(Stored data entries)
(* Let $\mathcal{Q}$ be a poset and let $\mathfrak X$ be an algebra on $\mathcal{Q}$ such that the category $\mathrm{Vect}^{\mathcal{Q}}_{\mathfrak X}$ of finitely $\mathfrak X$-encoded persistence modules is a full abelian subcategory of $\mathrm{Vect}^{\mathcal{Q}}$. Let $\mathfrak X_{\mathrm{Up}}$ be the algebra on $\mathcal{Q}$ generated by the upsets of $\mathcal{Q}$ that belong to $\mathfrak X$. Then the map \[ \nu \longmapsto \Big( M \mapsto \int_{\mathcal{Q}} \dim(M)\, d\nu \Big) \] from the set of contents on $\mathfrak X_{\mathrm{Up}}$ to the class of additive amplitudes on $\mathrm{Vect}^{\mathcal{Q}}_{\mathfrak X}$ is a bijection. In other words, every additive amplitude on $\mathrm{Vect}^{\mathcal{Q}}_{\mathfrak X}$ is given by integrating the Hilbert function $q\mapsto \dim M(q)$ against a unique content on $\mathfrak X_{\mathrm{Up}}$.
   Context: $\mathrm{Vect}$ is the category of finite-dimensional vector spaces over a fixed field $\mathbb F$; a persistence module over a poset $\mathcal{Q}$ is a functor $\mathcal{Q}\to\mathrm{Vect}$ ($\mathcal{Q}$ viewed as a category). An algebra on a set is a family of subsets containing $\emptyset$ and closed under complements and finite unions. An upset of $\mathcal{Q}$ is a subset $U$ with $u\in U, u\le q\Rightarrow q\in U$; a downset is defined dually; an interval is an intersection of an upset and a downset. A finite encoding of $M\in\mathrm{Vect}^{\mathcal{Q}}$ consists of an order-preserving map $e\colon\mathcal{Q}\to\mathcal{P}$ to a finite poset $\mathcal{P}$, a module $M'\in\mathrm{Vect}^{\mathcal{P}}$ and an isomorphism $M\cong e^*M'=M'\circ e$; it is an $\mathfrak X$-encoding if every fiber $e^{-1}(p)$ belongs to $\mathfrak X$. $M$ is finitely $\mathfrak X$-encoded if it admits an $\mathfrak X$-encoding; $\mathrm{Vect}^{\mathcal{Q}}_{\mathfrak X}$ is the full subcategory of such modules. For an abelian category $\mathcal{A}$, an amplitude is a function $\alpha\colon\operatorname{ob}\mathcal{A}\to[0,\infty]$ with $\alpha(0)=0$ such that for every short exact sequence $0\to A\to B\to C\to 0$ one has $\alpha(A)\le\alpha(B)$, $\alpha(C)\le\alpha(B)$ and $\alpha(B)\le\alpha(A)+\alpha(C)$; it is additive if always $\alpha(B)=\alpha(A)+\alpha(C)$. A content on an algebra $\mathfrak A$ is a function $\nu\colon\mathfrak A\to[0,\infty]$ with $\nu(\emptyset)=0$ and $\nu(X\cup Y)=\nu(X)+\nu(Y)$ for disjoint $X,Y\in\mathfrak A$. For $M$ in $\mathrm{Vect}^{\mathcal{Q}}_{\mathfrak X}$ the Hilbert function $\dim(M)\colon q\mapsto\dim M(q)$ takes finitely many values with level sets in $\mathfrak X_{\mathrm{Up}}$, and the integral of such a finitely-valued function $f=\sum_i\lambda_i 1_{X_i}$ is defined as $\int f\,d\nu=\sum_i\lambda_i\nu(X_i)$. *)

theory Defs
  imports "HOL-Analysis.Sigma_Algebra" "Jordan_Normal_Form.Matrix_Kernel"
begin

text \<open>Finite-dimensional vector spaces over the field 'f are modelled by the
  skeleton of Vect: objects are the spaces 'f^n (n :: nat), morphisms are matrices.
  A persistence module over the poset 'q (a type with a partial order) is a pair
  (d, m): d q = dim M(q), and m q r is the matrix of M(q \<le> r) : M(q) \<rightarrow> M(r).\<close>

type_synonym ('q, 'f) pmod = "('q \<Rightarrow> nat) \<times> ('q \<Rightarrow> 'q \<Rightarrow> 'f mat)"

definition is_functor :: "'p set \<Rightarrow> ('p \<Rightarrow> 'p \<Rightarrow> bool) \<Rightarrow> ('p \<Rightarrow> nat)
    \<Rightarrow> ('p \<Rightarrow> 'p \<Rightarrow> 'f::field mat) \<Rightarrow> bool" where
  "is_functor D lp d m \<longleftrightarrow>
     (\<forall>p\<in>D. \<forall>q\<in>D. lp p q \<longrightarrow> m p q \<in> carrier_mat (d q) (d p)) \<and>
     (\<forall>p\<in>D. m p p = one_mat (d p)) \<and>
     (\<forall>p\<in>D. \<forall>q\<in>D. \<forall>r\<in>D. lp p q \<and> lp q r \<longrightarrow> m p r = m q r * m p q)"

text \<open>Persistence modules over 'q (irrelevant entries for incomparable pairs are normalised to 0).\<close>
definition pmod :: "('q::order, 'f::field) pmod \<Rightarrow> bool" where
  "pmod M \<longleftrightarrow> is_functor UNIV (\<le>) (fst M) (snd M) \<and>
     (\<forall>q r. \<not> q \<le> r \<longrightarrow> snd M q r = zero_mat (fst M r) (fst M q))"

definition is_hom :: "('q::order, 'f::field) pmod \<Rightarrow> ('q, 'f) pmod \<Rightarrow> ('q \<Rightarrow> 'f mat) \<Rightarrow> bool" where
  "is_hom M N f \<longleftrightarrow> pmod M \<and> pmod N \<and>
     (\<forall>q. f q \<in> carrier_mat (fst N q) (fst M q)) \<and>
     (\<forall>q r. q \<le> r \<longrightarrow> snd N q r * f q = f r * snd M q r)"

definition mat_image :: "'f::field mat \<Rightarrow> 'f vec set" where
  "mat_image A = (\<lambda>v. A *\<^sub>v v) ` carrier_vec (dim_col A)"

definition is_iso :: "('q::order, 'f::field) pmod \<Rightarrow> ('q, 'f) pmod \<Rightarrow> bool" where
  "is_iso M N \<longleftrightarrow> (\<exists>f g. is_hom M N f \<and> is_hom N M g \<and>
     (\<forall>q. g q * f q = one_mat (fst M q) \<and> f q * g q = one_mat (fst N q)))"

definition short_exact :: "('q::order, 'f::field) pmod \<Rightarrow> ('q, 'f) pmod \<Rightarrow> ('q, 'f) pmod
    \<Rightarrow> ('q \<Rightarrow> 'f mat) \<Rightarrow> ('q \<Rightarrow> 'f mat) \<Rightarrow> bool" where
  "short_exact A B C f g \<longleftrightarrow> is_hom A B f \<and> is_hom B C g \<and>
     (\<forall>q. mat_kernel (f q) = {zero_vec (fst A q)} \<and>
          mat_image (f q) = mat_kernel (g q) \<and>
          mat_image (g q) = carrier_vec (fst C q))"

definition zero_pmod :: "('q::order, 'f::field) pmod" where
  "zero_pmod = ((\<lambda>_. 0), (\<lambda>_ _. zero_mat 0 0))"

definition pullback :: "('q::order \<Rightarrow> nat) \<Rightarrow> (nat \<Rightarrow> nat) \<Rightarrow> (nat \<Rightarrow> nat \<Rightarrow> 'f::field mat)
    \<Rightarrow> ('q, 'f) pmod" where
  "pullback e d' m' = ((\<lambda>q. d' (e q)),
     (\<lambda>q r. if q \<le> r then m' (e q) (e r) else zero_mat (d' (e r)) (d' (e q))))"

text \<open>Finite \<X>-encodings. Every finite poset is isomorphic to a partial order lp on {..<n}.\<close>
definition fin_encoded :: "'q::order set set \<Rightarrow> ('q, 'f::field) pmod \<Rightarrow> bool" where
  "fin_encoded X M \<longleftrightarrow> pmod M \<and>
     (\<exists>(n::nat) lp e d' m'.
        (\<forall>i<n. lp i i) \<and> (\<forall>i<n. \<forall>j<n. lp i j \<and> lp j i \<longrightarrow> i = j) \<and>
        (\<forall>i<n. \<forall>j<n. \<forall>k<n. lp i j \<and> lp j k \<longrightarrow> lp i k) \<and>
        (\<forall>q. e q < n) \<and> (\<forall>q r. q \<le> r \<longrightarrow> lp (e q) (e r)) \<and>
        is_functor {..<n} lp d' m' \<and>
        (\<forall>i<n. e -` {i} \<in> X) \<and>
        is_iso M (pullback e d' m'))"

definition VectX :: "'q::order set set \<Rightarrow> ('q, 'f::field) pmod set" where
  "VectX X = {M. fin_encoded X M}"

text \<open>Full abelian subcategory of Vect^Q: contains 0 and is closed under
  binary biproducts, kernels and cokernels (computed in Vect^Q).\<close>
definition abelian_subcat :: "('q::order, 'f::field) pmod set \<Rightarrow> bool" where
  "abelian_subcat \<C> \<longleftrightarrow> \<C> \<subseteq> {M. pmod M} \<and> zero_pmod \<in> \<C> \<and>
     (\<forall>M\<in>\<C>. \<forall>N\<in>\<C>. \<exists>S\<in>\<C>. \<exists>i1 i2 p1 p2. is_hom M S i1 \<and> is_hom N S i2 \<and>
         is_hom S M p1 \<and> is_hom S N p2 \<and>
         (\<forall>q. p1 q * i1 q = one_mat (fst M q) \<and> p2 q * i2 q = one_mat (fst N q) \<and>
              i1 q * p1 q + i2 q * p2 q = one_mat (fst S q))) \<and>
     (\<forall>M\<in>\<C>. \<forall>N\<in>\<C>. \<forall>f. is_hom M N f \<longrightarrow>
         (\<exists>K\<in>\<C>. \<exists>k. is_hom K M k \<and>
            (\<forall>q. mat_kernel (k q) = {zero_vec (fst K q)} \<and> mat_image (k q) = mat_kernel (f q))) \<and>
         (\<exists>C\<in>\<C>. \<exists>c. is_hom N C c \<and>
            (\<forall>q. mat_image (c q) = carrier_vec (fst C q) \<and> mat_kernel (c q) = mat_image (f q))))"

definition amplitude :: "('q::order, 'f::field) pmod set \<Rightarrow> (('q, 'f) pmod \<Rightarrow> ennreal) \<Rightarrow> bool" where
  "amplitude \<C> \<alpha> \<longleftrightarrow> (\<forall>Z\<in>\<C>. fst Z = (\<lambda>_. 0) \<longrightarrow> \<alpha> Z = 0) \<and>
     (\<forall>A\<in>\<C>. \<forall>B\<in>\<C>. \<forall>C\<in>\<C>. \<forall>f g. short_exact A B C f g \<longrightarrow>
        \<alpha> A \<le> \<alpha> B \<and> \<alpha> C \<le> \<alpha> B \<and> \<alpha> B \<le> \<alpha> A + \<alpha> C)"

definition additive_amplitude :: "('q::order, 'f::field) pmod set \<Rightarrow> (('q, 'f) pmod \<Rightarrow> ennreal) \<Rightarrow> bool" where
  "additive_amplitude \<C> \<alpha> \<longleftrightarrow> amplitude \<C> \<alpha> \<and>
     (\<forall>A\<in>\<C>. \<forall>B\<in>\<C>. \<forall>C\<in>\<C>. \<forall>f g. short_exact A B C f g \<longrightarrow> \<alpha> B = \<alpha> A + \<alpha> C)"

_PROBLEM TO WORK ON_
Every line of the entries that includes "longrightarrow" must be copied into the answer.

_ANSWER FOR THIS EXERCISE_
     (\<forall>p\<in>D. \<forall>q\<in>D. lp p q \<longrightarrow> m p q \<in> carrier_mat (d q) (d p)) \<and>
     (\<forall>p\<in>D. \<forall>q\<in>D. \<forall>r\<in>D. lp p q \<and> lp q r \<longrightarrow> m p r = m q r * m p q)"
     (\<forall>q r. \<not> q \<le> r \<longrightarrow> snd M q r = zero_mat (fst M r) (fst M q))"
     (\<forall>q r. q \<le> r \<longrightarrow> snd N q r * f q = f r * snd M q r)"
        (\<forall>i<n. lp i i) \<and> (\<forall>i<n. \<forall>j<n. lp i j \<and> lp j i \<longrightarrow> i = j) \<and>
        (\<forall>i<n. \<forall>j<n. \<forall>k<n. lp i j \<and> lp j k \<longrightarrow> lp i k) \<and>
        (\<forall>q. e q < n) \<and> (\<forall>q r. q \<le> r \<longrightarrow> lp (e q) (e r)) \<and>
     (\<forall>M\<in>\<C>. \<forall>N\<in>\<C>. \<forall>f. is_hom M N f \<longrightarrow>
  "amplitude \<C> \<alpha> \<longleftrightarrow> (\<forall>Z\<in>\<C>. fst Z = (\<lambda>_. 0) \<longrightarrow> \<alpha> Z = 0) \<and>
     (\<forall>A\<in>\<C>. \<forall>B\<in>\<C>. \<forall>C\<in>\<C>. \<forall>f g. short_exact A B C f g \<longrightarrow>
     (\<forall>A\<in>\<C>. \<forall>B\<in>\<C>. \<forall>C\<in>\<C>. \<forall>f g. short_exact A B C f g \<longrightarrow> \<alpha> B = \<alpha> A + \<alpha> C)"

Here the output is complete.